Speaker 4:It's very different for me between before the age of 14 and after the age of 14. So before the age of 14, I'm listening to Bob Seeger and Step and Wolf and Aerosmith and Kiss and lots of Elton John, fleetwood Mac, boston, kansas. I mean, I'm very into buying records, have tons of records and just sitting and thinking about what is making this music work and I'm learning how to play some different instruments, but not very well. My family didn't go to church. We weren't raised in church and then at 14, god finds me in our backyard. I end up finding out who Jesus is not too long after that and then I want to start writing songs and I want to communicate what had just happened to me to other people.
Speaker 1:In 2015, frank published his book Joyride a beginning and every end. An intimate, engaging and often humorous look at his life and, more accurately, his faith journey. Joyride has tons of personal stories, including many about atomic opera, making albums and touring An insightful read into Frank's mind, heart and faith. Here's some select excerpts from Frank's encounter with God in his backyard.
Speaker 1:At a young age, I felt quite superior to all the poor, hypnotized masses until I saw God. I don't mean I saw a vision or that. God appeared to me in the flesh. I simply looked up at the stars one night and suddenly could no longer sustain the belief. God wasn't there. I was 14 years old, felt so small. Standing in my backyard I could feel the grass soft as velvet under my feet, the dirt under the grass and the air between myself and the expanse of space. I could sense the microscopic universes making up each atom, which in turn make up everything that is. It all seemed too interconnected to be random. I couldn't convince myself. Given enough time and space, a godless universe could end up generating me staring at the stars, trying to not believe in a god who wasn't there. How could we ever suspect that the universe was without meaning, if it was actually without meaning.
Speaker 1:After I saw God, or felt him see me, I went back inside the house. My family was sitting around the TV watching HBO a new and amazing thing in our world. I was still thinking about God. So I got up and walked over to our bookcase. There was a set of encyclopedias, a dictionary, a copy of I'm Okay, you're Okay, and the Bible. None of these books had been read, except possibly the dictionary for homework.
Speaker 1:I picked up the big white Bible with its padded cover and gold trim, carried it back to the couch and sat down. It was a family Christmas present from my grandma Hart several years before, but it had sat unappreciated until this night. I cracked it open. If you open a big Bible to the center, you could end up in a number of places, but I landed in Psalms.

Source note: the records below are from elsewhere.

(* Let $\widetilde{A}$ be a $\Lambda$-standard weight algebra over the DVR $\mathcal{O}$, let $\widetilde{N}$ be an $\widetilde{A}$-lattice, $\lambda\in\Lambda$ and $v\in\widetilde{N}_\lambda$. (a) $v$ is $\lambda$-primitive if and only if $v\notin\widetilde{N}\cap\widetilde{N}'_K(\lambda)$ and $\mathcal{O}v+(\widetilde{N}\cap\widetilde{N}'_K(\lambda))$ is $\mathcal{O}$-pure in $\widetilde{N}$. (b) $v$ is strongly $\lambda$-primitive if and only if there is a non-negative integer $i$ such that $v\in\widetilde{\operatorname{rad}}^i\widetilde{N}$, $v\notin\widetilde{N}\cap(\operatorname{rad}^{i+1}\widetilde{N}_K+\widetilde{N}'_K(\lambda))$, and $\mathcal{O}v+\widetilde{N}\cap(\operatorname{rad}^{i+1}\widetilde{N}_K+\widetilde{N}'_K(\lambda))$ is $\mathcal{O}$-pure in $\widetilde{N}$. (c) If $v$ is strongly $\lambda$-primitive, it is $\lambda$-primitive.
   Context: $\mathcal{O}$ is a DVR with fraction field $K$ and residue field $k$. $\widetilde{A}$ is an $\mathcal{O}$-free finite $\mathcal{O}$-algebra with orthogonal idempotents $e_\nu$ ($\nu\in X$) summing to $1$ making it a $\Lambda$-standard weight algebra: for $\Lambda\subseteq X$ partially ordered, the irreducible $\widetilde{A}_K$-modules $L_K(\lambda)$ and $\widetilde{A}_k$-modules $L(\lambda)$ are both indexed by $\Lambda$, with $\dim e_\lambda L_K(\lambda)=\dim e_\lambda L(\lambda)=1$ and, for $\mu\in\Lambda$, $e_\mu L_K(\lambda)\ne0$ or $e_\mu L(\lambda)\neq0$ implies $\mu\le\lambda$. For a module $M$, $M_\nu=e_\nu M$. An $\widetilde{A}$-lattice is $\mathcal{O}$-finite and torsion-free; a submodule $\widetilde{S}\subseteq\widetilde{M}$ is pure if $\widetilde{M}/\widetilde{S}$ is torsion-free. $\operatorname{rad}^i\widetilde{N}_K=(\operatorname{rad}\widetilde{A}_K)^i\widetilde{N}_K$, $\widetilde{\operatorname{rad}}^i\widetilde{N}=\widetilde{N}\cap\operatorname{rad}^i\widetilde{N}_K$, $\operatorname{gr}\widetilde{N}=\bigoplus_i\widetilde{\operatorname{rad}}^i\widetilde{N}/\widetilde{\operatorname{rad}}^{i+1}\widetilde{N}$. $\widetilde{N}'_K(\lambda)$ is the $\widetilde{A}_K$-submodule of $\widetilde{N}_K$ generated by all $\mu$-weight vectors with $\mu\in\Lambda$, $\mu>\lambda$. $v\in\widetilde{N}_\lambda$ is $\lambda$-primitive if the image of $\mathcal{O}v$ in $\widetilde{N}/(\widetilde{N}\cap\widetilde{N}'_K(\lambda))$ is nonzero and pure. $v$ is strongly $\lambda$-primitive if for some $i\ge0$ with $v\in\widetilde{\operatorname{rad}}^i\widetilde{N}$, its class $[v]\in(\operatorname{gr}\widetilde{N})_i$ has the property that the image of $\mathcal{O}[v]$ in $\operatorname{gr}(\widetilde{N}/(\widetilde{N}\cap\widetilde{N}'_K(\lambda)))$ (under the natural map) is nonzero and pure. *)

theory Defs
  imports "HOL-Computational_Algebra.Fraction_Field"
begin

definition is_DVR :: "'o::idom itself \<Rightarrow> bool" where
  "is_DVR _ \<longleftrightarrow> (\<exists>p::'o. p \<noteq> 0 \<and> \<not> p dvd 1 \<and>
      (\<forall>x::'o. x \<noteq> 0 \<longrightarrow> (\<exists>u n. u dvd 1 \<and> x = u * p ^ n)))"

definition ofO :: "'o::idom \<Rightarrow> 'o fract" where
  "ofO x = Fract x 1"

(* A_K (the type 'a) is a K-algebra via the central ring homomorphism kap *)
definition K_algebra :: "('o::idom fract \<Rightarrow> 'a::ring_1) \<Rightarrow> bool" where
  "K_algebra kap \<longleftrightarrow> kap 1 = 1 \<and> (\<forall>x y. kap (x + y) = kap x + kap y) \<and>
      (\<forall>x y. kap (x * y) = kap x * kap y) \<and> (\<forall>c a. kap c * a = a * kap c)"

(* A (the set Aset) is an O-subalgebra of A_K, O-free of finite rank on a basis b
   which is a K-basis of A_K, i.e. A_K = K \<otimes>_O A *)
definition O_order :: "('o::idom fract \<Rightarrow> 'a::ring_1) \<Rightarrow> 'a set \<Rightarrow> bool" where
  "O_order kap A \<longleftrightarrow> 1 \<in> A \<and> (\<forall>x\<in>A. \<forall>y\<in>A. x + y \<in> A \<and> x * y \<in> A \<and> - x \<in> A) \<and>
     (\<exists>b::'a list. set b \<subseteq> A \<and>
        A = {\<Sum>i<length b. kap (ofO (os ! i)) * b ! i | os. length os = length b} \<and>
        (\<forall>x. \<exists>!cs. length cs = length b \<and> x = (\<Sum>i<length b. kap (cs ! i) * b ! i)))"

definition idem_decomp :: "'x set \<Rightarrow> ('x \<Rightarrow> 'a::ring_1) \<Rightarrow> 'a set \<Rightarrow> bool" where
  "idem_decomp X e A \<longleftrightarrow> (\<forall>\<nu>\<in>X. e \<nu> \<in> A) \<and>
     (\<forall>\<nu>\<in>X. \<forall>\<mu>\<in>X. e \<nu> * e \<mu> = (if \<nu> = \<mu> then e \<nu> else 0)) \<and>
     finite {\<nu>\<in>X. e \<nu> \<noteq> 0} \<and> sum e {\<nu>\<in>X. e \<nu> \<noteq> 0} = 1"

definition is_module :: "'r::ring_1 set \<Rightarrow> ('r \<Rightarrow> 'm::ab_group_add \<Rightarrow> 'm) \<Rightarrow> 'm set \<Rightarrow> bool" where
  "is_module R act M \<longleftrightarrow> 0 \<in> M \<and> (\<forall>x\<in>M. \<forall>y\<in>M. x + y \<in> M \<and> - x \<in> M) \<and>
     (\<forall>r\<in>R. \<forall>x\<in>M. act r x \<in> M) \<and>
     (\<forall>r\<in>R. \<forall>x\<in>M. \<forall>y\<in>M. act r (x + y) = act r x + act r y) \<and>
     (\<forall>r\<in>R. \<forall>s\<in>R. \<forall>x\<in>M. act (r + s) x = act r x + act s x \<and> act (r * s) x = act r (act s x)) \<and>
     (\<forall>x\<in>M. act 1 x = x)"

definition is_submodule :: "'r::ring_1 set \<Rightarrow> ('r \<Rightarrow> 'm::ab_group_add \<Rightarrow> 'm) \<Rightarrow> 'm set \<Rightarrow> 'm set \<Rightarrow> bool" where
  "is_submodule R act M S \<longleftrightarrow> S \<subseteq> M \<and> 0 \<in> S \<and> (\<forall>x\<in>S. \<forall>y\<in>S. x + y \<in> S \<and> - x \<in> S) \<and>
     (\<forall>r\<in>R. \<forall>x\<in>S. act r x \<in> S)"

definition simple_module :: "'r::ring_1 set \<Rightarrow> ('r \<Rightarrow> 'm::ab_group_add \<Rightarrow> 'm) \<Rightarrow> 'm set \<Rightarrow> bool" where
  "simple_module R act M \<longleftrightarrow> is_module R act M \<and> M \<noteq> {0} \<and>
     (\<forall>S. is_submodule R act M S \<longrightarrow> S = {0} \<or> S = M)"

definition mod_iso :: "'r::ring_1 set \<Rightarrow> ('r \<Rightarrow> 'm::ab_group_add \<Rightarrow> 'm) \<Rightarrow> 'm set
    \<Rightarrow> ('r \<Rightarrow> 'n::ab_group_add \<Rightarrow> 'n) \<Rightarrow> 'n set \<Rightarrow> bool" where
  "mod_iso R act1 M1 act2 M2 \<longleftrightarrow> (\<exists>f. bij_betw f M1 M2 \<and> (\<forall>x\<in>M1. \<forall>y\<in>M1. f (x + y) = f x + f y) \<and>
     (\<forall>r\<in>R. \<forall>x\<in>M1. f (act1 r x) = act2 r (f x)))"

definition left_ideal :: "'r::ring_1 set \<Rightarrow> 'r set \<Rightarrow> bool" where
  "left_ideal R I \<longleftrightarrow> I \<subseteq> R \<and> 0 \<in> I \<and> (\<forall>x\<in>I. \<forall>y\<in>I. x + y \<in> I) \<and> (\<forall>r\<in>R. \<forall>x\<in>I. r * x \<in> I)"

definition max_left_ideal :: "'r::ring_1 set \<Rightarrow> 'r set \<Rightarrow> bool" where
  "max_left_ideal R I \<longleftrightarrow> left_ideal R I \<and> I \<noteq> R \<and>
     (\<forall>J. left_ideal R J \<and> I \<subseteq> J \<longrightarrow> J = I \<or> J = R)"

definition jac :: "'r::ring_1 set \<Rightarrow> 'r set" where
  "jac R = {x\<in>R. \<forall>I. max_left_ideal R I \<longrightarrow> x \<in> I}"

definition wsp :: "('a \<Rightarrow> 'm \<Rightarrow> 'm) \<Rightarrow> ('x \<Rightarrow> 'a) \<Rightarrow> 'm set \<Rightarrow> 'x \<Rightarrow> 'm set" where
  "wsp act e M \<nu> = act (e \<nu>) ` M"

(* A-modules on which the maximal ideal of O acts by zero = A_k-modules *)
definition kmod :: "('o::idom fract \<Rightarrow> 'a::ring_1) \<Rightarrow> 'a set \<Rightarrow> ('a \<Rightarrow> 'm::ab_group_add \<Rightarrow> 'm) \<Rightarrow> 'm set \<Rightarrow> bool" where
  "kmod kap A act M \<longleftrightarrow> is_module A act M \<and>
     (\<forall>c0::'o. \<not> c0 dvd 1 \<longrightarrow> (\<forall>x\<in>M. act (kap (ofO c0)) x = 0))"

Speaker 1:What I found was amazing in light of what had just happened in the backyard. Psalm 19, the heavens declare the glory of God and the sky above proclaims his handiwork, day to day pours out speech and night to night reveals knowledge. There is no speech, nor are there words whose voice is not heard. Their voice goes out through all the earth and their words to the end of the world. I said, hey, listen to this and read the first part out loud to them. Have you ever read the Bible? Of course my mom said this as though the question was an insult. Of course I've read the Bible, but she hadn't read the Bible, not much of it anyway no one in our house had.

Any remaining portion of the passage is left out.